*** Opening of RECORDS FOR PROCESSING ***
(* Let $(\mu_n,M_n)_{n\in\mathbb{N}}$ be i.i.d. pairs under a probability measure $Q$, with $\mu_n>0$ and $M_n\ge0$, such that $E_Q[|\log\mu_1|^{\delta}]<\infty$ for every $0<\delta<6$, $E_Q[\log\mu_1]=0$, and $\liminf_{t\to\infty}\big(t^{\lambda}Q[\log M_1>t]\big)>0$ for some $0<\lambda<2$. Define $X_0:=0$ and $X_n:=\mu_nX_{n-1}+M_n$ for $n\in\mathbb{N}$. Then $Q$-a.s. $X_n>e^{\sqrt n}$ for all sufficiently large $n$; in fact $\sum_{n\ge1}Q[X_n\le e^{\sqrt n}]<\infty$. *)

theory Defs
  imports "HOL-Probability.Probability"
begin

fun Xrec :: "(nat \<Rightarrow> 'a \<Rightarrow> real) \<Rightarrow> (nat \<Rightarrow> 'a \<Rightarrow> real) \<Rightarrow> nat \<Rightarrow> 'a \<Rightarrow> real" where
  "Xrec mu M 0 x = 0"
| "Xrec mu M (Suc n) x = mu (Suc n) x * Xrec mu M n x + M (Suc n) x"

end

theory Submission
  imports Defs "HOL-Real_Asymp.Real_Asymp"
begin

(*
  X_n dominates each term (\<Prod>k<i\<le>n. mu_i) M_k of its expansion.  Look at the window
  k \<in> {n-m..n} with m \<approx> n^a.  If X_n \<le> e^sqrt n, then either no ln M_k in the window exceeds
  3 sqrt n, or some ln mu_i in the window lies below -B = -n^(a/2), or for some k the random
  walk \<Sum>k<i\<le>n. ln mu_i, truncated from below at -B, ends below -2 sqrt n.  By independence and
  the tail assumption the first event has probability at most exp (-c n^(a - lam/2)); by Markov's
  inequality for |ln mu_1|^5 the second has probability O(n^(-3a/2)); an exponential Chernoff
  bound with s = 1/B (the truncated steps have nonnegative mean and second moment at most
  E (ln mu_1)^2) bounds the third by O(n^a exp (-2 n^((1-a)/2))).  These are summable, and
  Borel-Cantelli gives the almost sure statement.
*)

lemma exp_minus_le_quadratic:
  fixes y :: real
  assumes "-1 \<le> y"
  shows "exp (-y) \<le> 1 - y + y^2"
proof (cases "y \<le> 0")
  case True
  then show ?thesis using exp_bound[of "-y"] assms by (simp add: power2_eq_square)
next
  case False
  then have "0 < 1 + y" by simp
  have "exp (-y) \<le> 1 / (1 + y)"
    using le_imp_inverse_le[OF exp_ge_add_one_self \<open>0 < 1 + y\<close>] by (simp add: exp_minus divide_inverse)
  also have "\<dots> \<le> 1 - y + y^2"
  proof -
    have "1 \<le> (1 - y + y^2) * (1 + y)"
      using False by (simp add: algebra_simps power2_eq_square power3_eq_cube)
    then show ?thesis using \<open>0 < 1 + y\<close> by (simp add: divide_le_eq)
  qed
  finally show ?thesis .
qed
lemma tdim_eq_formula:
  assumes "1 < \<xi>"
  shows "tdim \<xi> = tdim_formula \<xi>"
  unfolding tdim_def
proof (rule hausdorff_dim_eqI)
  define p where "p = 1 / \<xi>"
  have p: "0 < p" "p < 1" "\<xi> = 1 / p"
    unfolding p_def using assms by auto
  have entropy: "cross_entropy p p = tdim_formula \<xi> * ln 2"
    unfolding p_def by (rule cross_entropy_inverse[OF assms])
  show "0 \<le> tdim_formula \<xi>"
    using cross_entropy_nonneg[OF p(1,2)] entropy by (simp add: zero_le_mult_iff)
  show "hausdorff_measure s (Elevel \<xi>) = 0" if "tdim_formula \<xi> < s" for s
  proof (rule hausdorff_measure_eq_0_if_null)
    have "cross_entropy (1 / \<xi>) p < s * ln 2"
      using entropy that unfolding p_def by simp
    then show "hausdorff_null s (Elevel \<xi>)"
      using assms p by (intro hausdorff_null_Elevel) simp_all
  qed
  show "hausdorff_measure s (Elevel \<xi>) \<noteq> 0" if "0 \<le> s" "s < tdim_formula \<xi>" for s
    using hausdorff_measure_Elevel_nonzero[OF p(1,2) that(1)] that(2) entropy p(3) by simp
qed

text \<open>For \<open>\<xi> = 1\<close> the ones have frequency \<open>1\<close>, so the cross entropy with weight \<open>q\<close> is \<open>- ln q\<close>,
  which is arbitrarily small.\<close>

lemma hausdorff_dim_Elevel_1: "hausdorff_dim (Elevel 1) = 0"
proof (rule hausdorff_dim_eqI)
  fix s :: real
  assume "0 < s"
  define q where "q = exp (- s * ln 2 / 2)"
  have "0 < q" "q < 1" "cross_entropy (1 / 1) q < s * ln 2"
    unfolding q_def cross_entropy_def using \<open>0 < s\<close> by simp_all
  then show "hausdorff_measure s (Elevel 1) = 0"
    by (intro hausdorff_measure_eq_0_if_null hausdorff_null_Elevel) simp_all
qed simp_all

section \<open>Shape of the dimension function\<close>

definition tdim_formula' :: "real \<Rightarrow> real" where
  "tdim_formula' \<xi> = - ln (\<xi> - 1) / (\<xi>\<^sup>2 * ln 2)"

definition tdim_formula'' :: "real \<Rightarrow> real" where
  "tdim_formula'' \<xi> = (2 * ln (\<xi> - 1) - \<xi> / (\<xi> - 1)) / (\<xi> ^ 3 * ln 2)"

lemma has_real_derivative_tdim_formula:
  assumes "1 < \<xi>"
  shows "(tdim_formula has_real_derivative tdim_formula' \<xi>) (at \<xi>)"
proof -
  have "(tdim_formula has_real_derivative
      ((1 / (\<xi> - 1) * \<xi> - ln (\<xi> - 1) * 1) / \<xi>\<^sup>2 + 1 / \<xi> - 1 / (\<xi> - 1)) / ln 2) (at \<xi>)"
    unfolding tdim_formula_def using assms
    by (auto intro!: derivative_eq_intros simp: power2_eq_square)
  moreover have "1 / (\<xi> - 1) * \<xi> / \<xi>\<^sup>2 + 1 / \<xi> - 1 / (\<xi> - 1) = 0"
    using assms by (simp add: field_simps power2_eq_square)
  then have "(1 / (\<xi> - 1) * \<xi> - ln (\<xi> - 1) * 1) / \<xi>\<^sup>2 + 1 / \<xi> - 1 / (\<xi> - 1) = - ln (\<xi> - 1) / \<xi>\<^sup>2"
    by (simp add: diff_divide_distrib)
  ultimately show ?thesis
    unfolding tdim_formula'_def by simp
qed

lemma has_real_derivative_tdim_formula':
  assumes "1 < \<xi>"
  shows "(tdim_formula' has_real_derivative tdim_formula'' \<xi>) (at \<xi>)"
proof -
  define L where "L = ln (\<xi> - 1)"
  define a where "a = \<xi> / (\<xi> - 1)"
  have "(tdim_formula' has_real_derivative - ((\<xi> * \<xi> * ln 2 / (\<xi> - 1) - ln (\<xi> - 1) * (2 * \<xi> * ln 2))
      / (\<xi> * \<xi> * ln 2 * (\<xi> * \<xi> * ln 2)))) (at \<xi>)"
    unfolding tdim_formula'_def using assms
    by (auto intro!: derivative_eq_intros simp: power2_eq_square)
  moreover have "\<xi> * \<xi> * ln 2 / (\<xi> - 1) - ln (\<xi> - 1) * (2 * \<xi> * ln 2) = (\<xi> * ln 2) * (a - 2 * L)"
    unfolding a_def L_def by (simp add: algebra_simps)
  moreover have "\<xi> * \<xi> * ln 2 * (\<xi> * \<xi> * ln 2) = (\<xi> * ln 2) * (\<xi> ^ 3 * ln 2)"
    by (simp add: power3_eq_cube algebra_simps)
  moreover have "\<xi> * ln 2 \<noteq> 0"
    using assms by simp
  ultimately show ?thesis
    unfolding tdim_formula''_def a_def L_def by (simp add: minus_divide_left)
qed

lemma continuous_on_tdim_formula': "1 < a \<Longrightarrow> continuous_on {a..b} tdim_formula'"
  unfolding tdim_formula'_def by (intro continuous_intros) auto

lemma has_real_derivative_tdim:
  assumes "1 < \<xi>"
  shows "(tdim has_real_derivative tdim_formula' \<xi>) (at \<xi>)"
proof (rule has_field_derivative_transform_within_open)
  show "(tdim_formula has_real_derivative tdim_formula' \<xi>) (at \<xi>)"
    by (rule has_real_derivative_tdim_formula[OF assms])
  show "tdim_formula x = tdim x" if "x \<in> {1<..}" for x
    using that by (simp add: tdim_eq_formula)
qed (use assms in simp_all)

lemma deriv_tdim: "1 < \<xi> \<Longrightarrow> deriv tdim \<xi> = tdim_formula' \<xi>"
  by (rule DERIV_imp_deriv[OF has_real_derivative_tdim])

lemma eventually_tdim_eq_formula:
  "eventually (\<lambda>\<xi>. 1 < \<xi>) F \<Longrightarrow> eventually (\<lambda>\<xi>. tdim_formula \<xi> = tdim \<xi>) F"
  by (erule eventually_mono) (simp add: tdim_eq_formula)

lemma eventually_deriv_tdim_eq_formula':
  "eventually (\<lambda>\<xi>. 1 < \<xi>) F \<Longrightarrow> eventually (\<lambda>\<xi>. tdim_formula' \<xi> = deriv tdim \<xi>) F"
  by (erule eventually_mono) (simp add: deriv_tdim)

lemma tdim_tendsto_at_right_1: "(tdim \<longlongrightarrow> 0) (at_right 1)"
proof -
  have "(tdim_formula \<longlongrightarrow> 0) (at_right 1)"
    unfolding tdim_formula_def by real_asymp
  then show ?thesis
    using tendsto_cong[OF eventually_tdim_eq_formula[OF eventually_at_right_less]] by blast
qed

lemma tdim_tendsto_at_top: "(tdim \<longlongrightarrow> 0) at_top"
proof -
  have "(tdim_formula \<longlongrightarrow> 0) at_top"
    unfolding tdim_formula_def by real_asymp
  then show ?thesis
    using tendsto_cong[OF eventually_tdim_eq_formula[OF eventually_gt_at_top]] by blast
qed

lemma deriv_tdim_filterlim_at_right_1: "filterlim (deriv tdim) at_top (at_right 1)"
proof -
  have "filterlim tdim_formula' at_top (at_right 1)"
    unfolding tdim_formula'_def by real_asymp
  then show ?thesis
    using filterlim_cong[OF refl refl eventually_deriv_tdim_eq_formula'
      [OF eventually_at_right_less]]
    by blast
qed

lemma deriv_tdim_tendsto_at_top: "(deriv tdim \<longlongrightarrow> 0) at_top"
proof -
  have "(tdim_formula' \<longlongrightarrow> 0) at_top"
    unfolding tdim_formula'_def by real_asymp
  then show ?thesis
    using tendsto_cong[OF eventually_deriv_tdim_eq_formula'[OF eventually_gt_at_top]] by blast
qed

lemma tdim_formula'_pos: "1 < \<xi> \<Longrightarrow> \<xi> < 2 \<Longrightarrow> 0 < tdim_formula' \<xi>"
  unfolding tdim_formula'_def by (simp add: divide_neg_pos)

lemma tdim_formula'_neg: "2 < \<xi> \<Longrightarrow> tdim_formula' \<xi> < 0"
  unfolding tdim_formula'_def by (simp add: divide_neg_pos)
*** Close of RECORDS FOR PROCESSING ***
Out of the records above, pull each line containing the word "below".

**TASK RESPONSE**
  3 sqrt n, or some ln mu_i in the window lies below -B = -n^(a/2), or for some k the random
  walk \<Sum>k<i\<le>n. ln mu_i, truncated from below at -B, ends below -2 sqrt n.  By independence and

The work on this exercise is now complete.